### EXERCISE BRIEF:
The listing is to be reproduced in full, with no character altered.

### DATA TO USE:
(* For every cache size $k\ge 1$, there is a deterministic online paging algorithm for the discard-predictions setup that is $(1,k-1,1)$-competitive. That is, there is a constant $b$ (possibly depending on $k$) such that for every request sequence $I$ and every prediction vector $p$, the number of page faults of the algorithm satisfies $\mathrm{ALG}(I,p)\le \mathrm{OPT}(I)+(k-1)\,\eta_0(p,p^* )+\eta_1(p,p^* )+b$.
   Context: Paging: there is a universe $U$ of pages and a cache holding at most $k$ pages, initially empty. Requests $r_1,\dots,r_n\in U$ arrive online. If the requested page is not in the cache (a page fault), it must be loaded into the cache, evicting some cached page if the cache already holds $k$ pages. The cost of an algorithm is its number of page faults. An online algorithm decides evictions without knowing future requests; $\mathrm{OPT}(I)$ is the minimum cost of an offline algorithm on request sequence $I$. Along with each request $r_i$ the online algorithm receives a prediction bit $p_i\in\{0,1\}$ (which may be arbitrary). Given the ground truth vector $p^*\in\{0,1\}^n$, define for $h\in\{0,1\}$: $\eta_h(p,p^* )=|\{i\in[n] : p_i=h,\ p_i^*=1-h\}|$. An algorithm is $(\alpha,\beta,\gamma)$-competitive if there is a constant $b$ (possibly depending on $k$) such that for every instance $I$ and all predictions $p$, $\mathrm{ALG}(I,p)\le \alpha\,\mathrm{OPT}(I)+\beta\,\eta_0(p,p^* )+\gamma\,\eta_1(p,p^* )+b$ (for randomized algorithms, $\mathrm{ALG}(I,p)$ is the expected cost). Discard-predictions setup: fix the optimal offline algorithm LFD, which on a fault with full cache evicts a cached page that is never requested again if one exists, and otherwise the cached page whose next request is furthest in the future (ties broken by a fixed rule). The ground truth is $p_i^*=0$ if LFD keeps page $r_i$ in its cache until the next request to $r_i$ (or until the end of the sequence if there is no further request), and $p_i^*=1$ if LFD evicts $r_i$ before it is requested again. *)

theory Defs
  imports Complex_Main
begin

text \<open>A deterministic online algorithm is a policy that, on a fault with a full cache,
  names the page to evict. It sees the history of (request, prediction bit) pairs
  up to and including the current one, and the current cache content (which is
  itself determined by the history). Prediction bit True means 1, False means 0.
  If the policy names a page that is not cached, a fixed cached page is evicted
  instead (this is still a deterministic online algorithm).\<close>

type_synonym 'a policy = "('a \<times> bool) list \<Rightarrow> 'a set \<Rightarrow> 'a"

definition alg_step :: "'a policy \<Rightarrow> nat \<Rightarrow> ('a \<times> bool) list \<Rightarrow> 'a set \<Rightarrow> 'a \<Rightarrow> 'a set" where
  "alg_step pol k h C r =
     (if r \<in> C then C
      else if card C < k then insert r C
      else (let v = (if pol h C \<in> C then pol h C else (SOME x. x \<in> C))
            in insert r (C - {v})))"

text \<open>Cache of the online algorithm before serving request number t (0-indexed).\<close>
primrec alg_cache :: "'a policy \<Rightarrow> nat \<Rightarrow> ('a \<times> bool) list \<Rightarrow> nat \<Rightarrow> 'a set" where
  "alg_cache pol k xs 0 = {}"
| "alg_cache pol k xs (Suc t) =
     alg_step pol k (take (Suc t) xs) (alg_cache pol k xs t) (fst (xs ! t))"

definition alg_cost :: "'a policy \<Rightarrow> nat \<Rightarrow> ('a \<times> bool) list \<Rightarrow> nat" where
  "alg_cost pol k xs = card {t. t < length xs \<and> fst (xs ! t) \<notin> alg_cache pol k xs t}"

text \<open>A feasible offline schedule: C t is the cache before request t; after serving
  request t the cache contains it, has at most k pages and only the requested page
  may have been loaded.\<close>

definition feasible_schedule :: "nat \<Rightarrow> 'a list \<Rightarrow> (nat \<Rightarrow> 'a set) \<Rightarrow> bool" where
  "feasible_schedule k I C \<longleftrightarrow> C 0 = {} \<and>
     (\<forall>t < length I. I ! t \<in> C (Suc t) \<and> C (Suc t) \<subseteq> insert (I ! t) (C t)
                      \<and> card (C (Suc t)) \<le> k)"

definition schedule_cost :: "'a list \<Rightarrow> (nat \<Rightarrow> 'a set) \<Rightarrow> nat" where
  "schedule_cost I C = card {t. t < length I \<and> I ! t \<notin> C t}"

### SOLUTION FOR THIS PROBLEM:
(* For every cache size $k\ge 1$, there is a deterministic online paging algorithm for the discard-predictions setup that is $(1,k-1,1)$-competitive. That is, there is a constant $b$ (possibly depending on $k$) such that for every request sequence $I$ and every prediction vector $p$, the number of page faults of the algorithm satisfies $\mathrm{ALG}(I,p)\le \mathrm{OPT}(I)+(k-1)\,\eta_0(p,p^* )+\eta_1(p,p^* )+b$.
   Context: Paging: there is a universe $U$ of pages and a cache holding at most $k$ pages, initially empty. Requests $r_1,\dots,r_n\in U$ arrive online. If the requested page is not in the cache (a page fault), it must be loaded into the cache, evicting some cached page if the cache already holds $k$ pages. The cost of an algorithm is its number of page faults. An online algorithm decides evictions without knowing future requests; $\mathrm{OPT}(I)$ is the minimum cost of an offline algorithm on request sequence $I$. Along with each request $r_i$ the online algorithm receives a prediction bit $p_i\in\{0,1\}$ (which may be arbitrary). Given the ground truth vector $p^*\in\{0,1\}^n$, define for $h\in\{0,1\}$: $\eta_h(p,p^* )=|\{i\in[n] : p_i=h,\ p_i^*=1-h\}|$. An algorithm is $(\alpha,\beta,\gamma)$-competitive if there is a constant $b$ (possibly depending on $k$) such that for every instance $I$ and all predictions $p$, $\mathrm{ALG}(I,p)\le \alpha\,\mathrm{OPT}(I)+\beta\,\eta_0(p,p^* )+\gamma\,\eta_1(p,p^* )+b$ (for randomized algorithms, $\mathrm{ALG}(I,p)$ is the expected cost). Discard-predictions setup: fix the optimal offline algorithm LFD, which on a fault with full cache evicts a cached page that is never requested again if one exists, and otherwise the cached page whose next request is furthest in the future (ties broken by a fixed rule). The ground truth is $p_i^*=0$ if LFD keeps page $r_i$ in its cache until the next request to $r_i$ (or until the end of the sequence if there is no further request), and $p_i^*=1$ if LFD evicts $r_i$ before it is requested again. *)

theory Defs
  imports Complex_Main
begin

text \<open>A deterministic online algorithm is a policy that, on a fault with a full cache,
  names the page to evict. It sees the history of (request, prediction bit) pairs
  up to and including the current one, and the current cache content (which is
  itself determined by the history). Prediction bit True means 1, False means 0.
  If the policy names a page that is not cached, a fixed cached page is evicted
  instead (this is still a deterministic online algorithm).\<close>

type_synonym 'a policy = "('a \<times> bool) list \<Rightarrow> 'a set \<Rightarrow> 'a"

definition alg_step :: "'a policy \<Rightarrow> nat \<Rightarrow> ('a \<times> bool) list \<Rightarrow> 'a set \<Rightarrow> 'a \<Rightarrow> 'a set" where
  "alg_step pol k h C r =
     (if r \<in> C then C
      else if card C < k then insert r C
      else (let v = (if pol h C \<in> C then pol h C else (SOME x. x \<in> C))
            in insert r (C - {v})))"

text \<open>Cache of the online algorithm before serving request number t (0-indexed).\<close>
primrec alg_cache :: "'a policy \<Rightarrow> nat \<Rightarrow> ('a \<times> bool) list \<Rightarrow> nat \<Rightarrow> 'a set" where
  "alg_cache pol k xs 0 = {}"
| "alg_cache pol k xs (Suc t) =
     alg_step pol k (take (Suc t) xs) (alg_cache pol k xs t) (fst (xs ! t))"

definition alg_cost :: "'a policy \<Rightarrow> nat \<Rightarrow> ('a \<times> bool) list \<Rightarrow> nat" where
  "alg_cost pol k xs = card {t. t < length xs \<and> fst (xs ! t) \<notin> alg_cache pol k xs t}"

text \<open>A feasible offline schedule: C t is the cache before request t; after serving
  request t the cache contains it, has at most k pages and only the requested page
  may have been loaded.\<close>

definition feasible_schedule :: "nat \<Rightarrow> 'a list \<Rightarrow> (nat \<Rightarrow> 'a set) \<Rightarrow> bool" where
  "feasible_schedule k I C \<longleftrightarrow> C 0 = {} \<and>
     (\<forall>t < length I. I ! t \<in> C (Suc t) \<and> C (Suc t) \<subseteq> insert (I ! t) (C t)
                      \<and> card (C (Suc t)) \<le> k)"

definition schedule_cost :: "'a list \<Rightarrow> (nat \<Rightarrow> 'a set) \<Rightarrow> nat" where
  "schedule_cost I C = card {t. t < length I \<and> I ! t \<notin> C t}"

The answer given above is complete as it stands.